Adbusting encourages a community discussion about the politics of public space. Billboard ads become part of the community; they are chunks of privatization amongst public land, which should be safe, neutral governmental property and residential areas. The one-way passive flow of information, from ad to person, does not have to be this way, adbusters argue.

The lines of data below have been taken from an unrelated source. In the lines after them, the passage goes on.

lemma infinite_UNIV_P1: "infinite (UNIV :: P1 set)"
proof
  assume "finite (UNIV :: P1 set)"
  then have "finite (range Fin)"
    by (rule finite_subset[rotated]) simp
  moreover have "inj Fin"
    by (auto intro: injI)
  ultimately have "finite (UNIV :: complex set)"
    by (rule finite_imageD)
  then show False
    using infinite_UNIV_char_0 by blast
qed

locale mobius_shift =
  fixes F :: "P1cube \<Rightarrow> P1cube" and m0 m1 m2 :: "P1 \<Rightarrow> P1"
  assumes mobius: "is_mobius m0" "is_mobius m1" "is_mobius m2"
    and F_eq: "F (x, y, z) = (m0 y, m1 z, m2 x)"
begin

lemma shift_ne_id: "F \<noteq> id"
proof
  assume "F = id"
  then have "F (Inf, Fin 0, Fin 0) = (Inf, Fin 0, Fin 0)" "F (Fin 0, Fin 0, Fin 0) = (Fin 0, Fin 0, Fin 0)"
    by simp_all
  then show False
    by (simp add: F_eq)
qed

lemma funpow_3_mult:
  "(F ^^ (3 * k)) (x, y, z) =
    (((m0 \<circ> m1 \<circ> m2) ^^ k) x, ((m1 \<circ> m2 \<circ> m0) ^^ k) y, ((m2 \<circ> m0 \<circ> m1) ^^ k) z)"
proof (induction k arbitrary: x y z)
  case (Suc k)
  have "(F ^^ (3 * Suc k)) (x, y, z) = (F ^^ 3) ((F ^^ (3 * k)) (x, y, z))"
    by (simp only: mult_Suc_right funpow_add comp_apply)
  also have "\<dots> =
    (F ^^ 3) (((m0 \<circ> m1 \<circ> m2) ^^ k) x, ((m1 \<circ> m2 \<circ> m0) ^^ k) y, ((m2 \<circ> m0 \<circ> m1) ^^ k) z)"
    by (simp only: Suc.IH)
  finally show ?case
    by (simp add: numeral_3_eq_3 F_eq comp_def)
qed simp

lemma return_map_ne_id:
  assumes "finite {p. F p = p}"
  shows "m0 \<circ> m1 \<circ> m2 \<noteq> id"
proof
  assume "m0 \<circ> m1 \<circ> m2 = id"
  then have "F (x, m1 (m2 x), m2 x) = (x, m1 (m2 x), m2 x)" for x
    by (simp add: F_eq fun_eq_iff)
  then have "range (\<lambda>x. (x, m1 (m2 x), m2 x)) \<subseteq> {p. F p = p}"
    by auto
  with assms have "finite (range (\<lambda>x. (x, m1 (m2 x), m2 x)))"
    by (rule finite_subset[rotated])
  moreover have "inj (\<lambda>x. (x, m1 (m2 x), m2 x))"
    by (auto intro: injI)
  ultimately have "finite (UNIV :: P1 set)"
    by (rule finite_imageD)
  with infinite_UNIV_P1 show False ..
qed

lemma funpow_3_ne_id:
  assumes "finite {p. F p = p}"
  shows "F ^^ 3 \<noteq> id"
proof
  assume "F ^^ 3 = id"
  then have "(m0 \<circ> m1 \<circ> m2) x = x" for x
    using funpow_3_mult[of 1 x Inf Inf] by simp
  with return_map_ne_id[OF assms] show False
    by auto
qed

lemma conj_model_map:
  assumes "finite {p. F p = p}" and "F ^^ (3 * n) = id" and "0 < n"
  shows "\<exists>\<omega> H. \<omega> ^ n = 1 \<and> \<omega> \<noteq> 1 \<and> is_aut H \<and> bij H \<and> (\<forall>p. H (F p) = model_map \<omega> (H p))"
proof -
  have "((m0 \<circ> m1 \<circ> m2) ^^ n) x = x" for x
    using funpow_3_mult[of n x Inf Inf] assms(2) by simp
  then obtain \<omega> \<mu> where \<omega>: "\<omega> ^ n = 1" "\<omega> \<noteq> 1" and \<mu>: "is_mobius \<mu>"
      and conj: "\<And>x. \<mu> ((m0 \<circ> m1 \<circ> m2) x) = mob \<omega> 0 0 1 (\<mu> x)"
    using mobius_finite_order[of "m0 \<circ> m1 \<circ> m2" n] mobius is_mobius_comp
      return_map_ne_id[OF assms(1)] \<open>0 < n\<close> by (metis eq_id_iff)
  \<comment> \<open>H straightens the first two components of F, leaving only the conjugated return map\<close>
  define H where "H = map_prod \<mu> (map_prod (\<mu> \<circ> m0) (\<mu> \<circ> m0 \<circ> m1))"
  have mobius_H: "is_mobius (\<mu> \<circ> m0)" "is_mobius (\<mu> \<circ> m0 \<circ> m1)"
    using \<mu> mobius by (simp_all add: is_mobius_comp)
  have "aut_with_perm H id"
    unfolding aut_with_perm_def using \<mu> mobius_H
    by (intro conjI permutes_id exI[of _ \<mu>] exI[of _ "\<mu> \<circ> m0"] exI[of _ "\<mu> \<circ> m0 \<circ> m1"])
      (auto simp: H_def coord_def map_prod_def split: prod.splits)
  moreover have "bij H"
    unfolding H_def using \<mu> mobius_H
    by (metis is_mobius_bij bij_betw_map_prod UNIV_Times_UNIV)
  moreover have "H (F p) = model_map \<omega> (H p)" for p
    using conj by (cases p) (simp add: H_def F_eq model_map_def)
  ultimately show ?thesis
    using \<omega> unfolding is_aut_def by blast
qed

end

lemma aut_with_perm_shift:
  assumes "aut_with_perm F \<sigma>" and "\<sigma> 0 = 1" "\<sigma> 1 = 2" "\<sigma> 2 = 0"
  obtains m0 m1 m2 where "mobius_shift F m0 m1 m2"
proof -
  obtain m0 m1 m2 where "is_mobius m0" "is_mobius m1" "is_mobius m2"
    and "\<And>p. F p = (m0 (coord p (\<sigma> 0)), m1 (coord p (\<sigma> 1)), m2 (coord p (\<sigma> 2)))"
    using assms(1) unfolding aut_with_perm_def by blast
  with assms(2-4) have "mobius_shift F m0 m1 m2"
    by unfold_locales (simp_all add: coord_def)
  then show thesis ..
qed

section \<open>Group actions and cyclic groups\<close>

lemma aut_action_nat_pow:
  assumes "aut_action G \<phi>" and "monoid G" and "g \<in> carrier G"
  shows "\<phi> (g [^]\<^bsub>G\<^esub> n) = \<phi> g ^^ n"
proof (induction n)
  case 0
  then show ?case using assms(1) unfolding aut_action_def by simp
next
  case (Suc n)
  have "\<phi> (g [^]\<^bsub>G\<^esub> Suc n) = \<phi> (g [^]\<^bsub>G\<^esub> n) \<circ> \<phi> g"
    using assms monoid.nat_pow_closed[OF assms(2)] unfolding aut_action_def
    by (simp add: monoid.nat_pow_Suc[OF assms(2)])
  with Suc show ?case
    by (simp only: funpow_Suc_right)
qed

lemma (in group) ord_eq_order_of_prime_power:
  fixes p :: nat
  assumes "finite (carrier G)" and "Factorial_Ring.prime p" and "order G = p ^ Suc k"
    and "g \<in> carrier G" and "g [^] (p ^ k) \<noteq> \<one>"
  shows "ord g = order G"
proof -
  have "ord g dvd p ^ Suc k"
    using ord_dvd_group_order[OF \<open>g \<in> carrier G\<close>] \<open>order G = p ^ Suc k\<close> by simp
  then obtain i where "i \<le> Suc k" and ord_g: "ord g = p ^ i"
    using divides_primepow_nat[OF \<open>Factorial_Ring.prime p\<close>] by blast
  have "\<not> i \<le> k"
  proof
    assume "i \<le> k"
    then have "ord g dvd p ^ k"
      by (simp add: ord_g le_imp_power_dvd)
    with assms(4,5) show False
      by (simp add: pow_eq_id)
  qed
  with \<open>i \<le> Suc k\<close> ord_g \<open>order G = p ^ Suc k\<close> show ?thesis
    by (simp add: le_Suc_eq)
qed

lemma (in group) generate_eq_carrier_if_ord_eq_order:
  assumes "finite (carrier G)" and "g \<in> carrier G" and "ord g = order G"
  shows "generate G {g} = carrier G"
proof (rule card_subset_eq[OF assms(1)])
  show "generate G {g} \<subseteq> carrier G"
    using assms(2) by (intro generate_incl) simp
  show "card (generate G {g}) = card (carrier G)"
    using generate_pow_card[OF assms(2)] assms(3) unfolding order_def by simp
qed

lemma (in group) iso_integer_mod_group_if_ord_eq_order:
  assumes "finite (carrier G)" and g: "g \<in> carrier G" and ord_g: "ord g = order G"
  shows "G \<cong> integer_mod_group (order G)"
proof -
  define n where "n = order G"
  have "n > 0"
    using assms(1) unfolding n_def by (simp add: order_gt_0_iff_finite)
  define h where "h k = g [^] (k :: int)" for k
  have carrier_mod: "carrier (integer_mod_group n) = {0..<int n}"
    using \<open>n > 0\<close> by (simp add: carrier_integer_mod_group)
  have pow_eq: "h k = h l \<longleftrightarrow> int n dvd (l - k)" for k l
    unfolding h_def n_def using int_pow_eq[OF g] ord_g by simp
  have "h \<in> hom (integer_mod_group n) G"
  proof (rule homI)
    fix k l
    show "h k \<in> carrier G" unfolding h_def using g by simp
    have "h ((k + l) mod int n) = h (k + l)"
      unfolding pow_eq by (rule dvd_minus_mod)
    then show "h (k \<otimes>\<^bsub>integer_mod_group n\<^esub> l) = h k \<otimes> h l"
      unfolding h_def using g by (simp add: int_pow_mult)
  qed
  moreover have inj: "inj_on h {0..<int n}"
  proof (rule inj_onI)
    fix k l assume "k \<in> {0..<int n}" "l \<in> {0..<int n}" "h k = h l"
    then have "int n dvd (l - k)" and "\<bar>l - k\<bar> < int n"
      using pow_eq by (simp_all add: abs_less_iff)
    then have "l - k = 0"
      using dvd_imp_le_int[of "l - k" "int n"] by linarith
    then show "k = l"
      by simp
  qed
  moreover have "h ` {0..<int n} = carrier G"
  proof (rule card_subset_eq[OF assms(1)])
    show "h ` {0..<int n} \<subseteq> carrier G" unfolding h_def using g by auto
    show "card (h ` {0..<int n}) = card (carrier G)"
      using card_image[OF inj] unfolding n_def order_def by simp
  qed
  ultimately have "h \<in> iso (integer_mod_group n) G"
    by (intro isoI) (simp_all add: carrier_mod bij_betw_def)
  then have "integer_mod_group n \<cong> G"
    by (rule is_isoI)
  then show ?thesis
    unfolding n_def using group.iso_sym[OF group_integer_mod_group] by blast
qed

lemma free_outside_finite_fixpoints:
  assumes "free_outside_finite G \<phi>" and "aut_action G \<phi>" and "g \<in> carrier G" and "\<phi> g \<noteq> id"
  shows "finite {p. \<phi> g p = p}"
proof -
  have "g \<noteq> \<one>\<^bsub>G\<^esub>"
    using assms(2,4) by (auto simp: aut_action_def)
  with assms(3) have "{p. \<phi> g p = p} \<subseteq> {p. \<exists>g\<in>carrier G. g \<noteq> \<one>\<^bsub>G\<^esub> \<and> \<phi> g p = p}"
    by (intro subsetI CollectI bexI[of _ g]) simp_all
  then show ?thesis
    using assms(1) unfolding free_outside_finite_def by (rule finite_subset)
qed
(* For $n\ge 4$, the wheel $W_n$ satisfies $\nu^*(W_n)=\frac{13n^2+n}{2}$.
   Context: For a finite simple graph $G=(V,E)$ with $\ell=|V|+|E|$, a construction sequence (c-sequence) is a bijection $x:\{1,\dots,\ell\}\to V\sqcup E$ such that every edge $e=uw$ satisfies $x^{-1}(e)>\max\{x^{-1}(u),x^{-1}(w)\}$. The cost of $x$ is $\nu(x)=\sum_{e=uw\in E}\big(2x^{-1}(e)-x^{-1}(u)-x^{-1}(w)\big)$, and $\nu^*(G)$ is the maximum of $\nu(x)$ over all c-sequences for $G$. The wheel $W_n=C_n*K_1$ is the $(n+1)$-vertex graph obtained from the cycle $C_n$ by adding a hub vertex adjacent to all $n$ cycle vertices. *)

theory Defs
  imports Complex_Main
begin

definition simple_graph :: "'a set \<Rightarrow> 'a set set \<Rightarrow> bool" where
  "simple_graph V E \<longleftrightarrow> finite V \<and>
     (\<forall>e\<in>E. \<exists>u w. u \<in> V \<and> w \<in> V \<and> u \<noteq> w \<and> e = {u, w})"

definition elems :: "'a set \<Rightarrow> 'a set set \<Rightarrow> ('a + 'a set) set" where
  "elems V E = Inl ` V \<union> Inr ` E"

definition glen :: "'a set \<Rightarrow> 'a set set \<Rightarrow> nat" where
  "glen V E = card V + card E"

definition pos :: "'a set \<Rightarrow> 'a set set \<Rightarrow> (nat \<Rightarrow> 'a + 'a set) \<Rightarrow> ('a + 'a set) \<Rightarrow> nat" where
  "pos V E x a = inv_into {1..glen V E} x a"

definition is_cseq :: "'a set \<Rightarrow> 'a set set \<Rightarrow> (nat \<Rightarrow> 'a + 'a set) \<Rightarrow> bool" where
  "is_cseq V E x \<longleftrightarrow> bij_betw x {1..glen V E} (elems V E) \<and>
     (\<forall>e\<in>E. \<forall>u\<in>e. pos V E x (Inr e) > pos V E x (Inl u))"

definition cost :: "'a set \<Rightarrow> 'a set set \<Rightarrow> (nat \<Rightarrow> 'a + 'a set) \<Rightarrow> int" where
  "cost V E x = (\<Sum>e\<in>E. 2 * int (pos V E x (Inr e)) - (\<Sum>u\<in>e. int (pos V E x (Inl u))))"

definition nu_star :: "'a set \<Rightarrow> 'a set set \<Rightarrow> int" where
  "nu_star V E = Max {cost V E x | x. is_cseq V E x}"

text \<open>Wheel W_n: cycle vertices 0..n-1, hub n.\<close>
definition wheel_V :: "nat \<Rightarrow> nat set" where
  "wheel_V n = {0..n}"

definition wheel_E :: "nat \<Rightarrow> nat set set" where
  "wheel_E n = {{i, (i + 1) mod n} | i. i < n} \<union> {{i, n} | i. i < n}"

end

(* Since the positions of a bijection fill {1..L} with L = |V| + |E|, the edge positions add up
   to L(L+1)/2 minus the vertex positions, so the cost of any bijection is
   L(L+1) - sum_v (deg v + 2) * x^-1(v).  In W_n we have L = 3n+1, weight 5 on the rim and n+2 on
   the hub, so the cost is (3n+1)(3n+2) - 5 S - (n-3) h, where S is the sum of the n+1 distinct
   positive vertex positions and h the position of the hub.  Then S >= (n+1)(n+2)/2 and h >= 1
   bound twice the cost by 13n^2+n, and the order hub, rim vertices, edges is a c-sequence
   attaining the bound.  Costs of c-sequences are nonnegative, so the maximum nu* is taken over
   a finite set. *)

theory Submission
  imports Defs
begin
lemma comp_id_right: "f \<in> cat_hom X A B \<Longrightarrow> f \<cdot> cat_id X B = f"
  using restriction_category unfolding restriction_category_def category_def by (elim conjE) fast

lemma rst_hom: "f \<in> cat_hom X A B \<Longrightarrow> rst f \<in> cat_hom X A A"
  using restriction_category unfolding restriction_category_def by (elim conjE) fast

lemma rst_comp_self: "f \<in> cat_hom X A B \<Longrightarrow> rst f \<cdot> f = f"
  using restriction_category unfolding restriction_category_def by (elim conjE) fast

lemma rst_commute:
  "f \<in> cat_hom X A B \<Longrightarrow> g \<in> cat_hom X A D \<Longrightarrow> rst f \<cdot> rst g = rst g \<cdot> rst f"
  using restriction_category unfolding restriction_category_def by (elim conjE) fast

lemma rst_comp_rst:
  "f \<in> cat_hom X A B \<Longrightarrow> g \<in> cat_hom X A D \<Longrightarrow> rst g \<cdot> rst f = rst (rst g \<cdot> f)"
  using restriction_category unfolding restriction_category_def by (elim conjE) fast

lemma comp_rst:
  "f \<in> cat_hom X A B \<Longrightarrow> g \<in> cat_hom X B D \<Longrightarrow> f \<cdot> rst g = rst (f \<cdot> g) \<cdot> f"
  using restriction_category unfolding restriction_category_def by (elim conjE) fast

lemma rst_id: "A \<in> cat_obj X \<Longrightarrow> rst (cat_id X A) = cat_id X A"
  by (metis comp_id_right id_hom rst_comp_self rst_hom)

lemma rst_idem: "rst a = a \<Longrightarrow> a \<in> cat_hom X A A \<Longrightarrow> a \<cdot> a = a"
  by (metis rst_comp_self)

The demand for the Adbusters magazine has increased from 5,000 copies in 1989, to over 35,000 in 2000. The increase in demand has been credited to the delight of the masses when the new institutions, the corporations, are mocked and their power is trivialized. Legal implications, for adbusters have been greatly avoided by the very corporations that are the victims of the ad modifications. The press covering any lawsuit would highlight the corporation as being ‘the target of community protests’, as one advertising executive told the Advertising Age. It seems adbusting is safe from corporations within the legal, and therefore political, sphere.

The commonly held position that culture jamming is harmless satire is a severe mistake. It has not occurred in a vacuum, it is clear response to the political reality and anti-corporatization ideology that is sweeping the world. The power within the movement and the education of the public will cause great change within the broader political spectrum.


Klein, Naomi. 'Culture Jamming: Ads Under Attack'. No Logo: Taking Aim at the Brand Bullies. Vintage Canada, 2000. 279-310.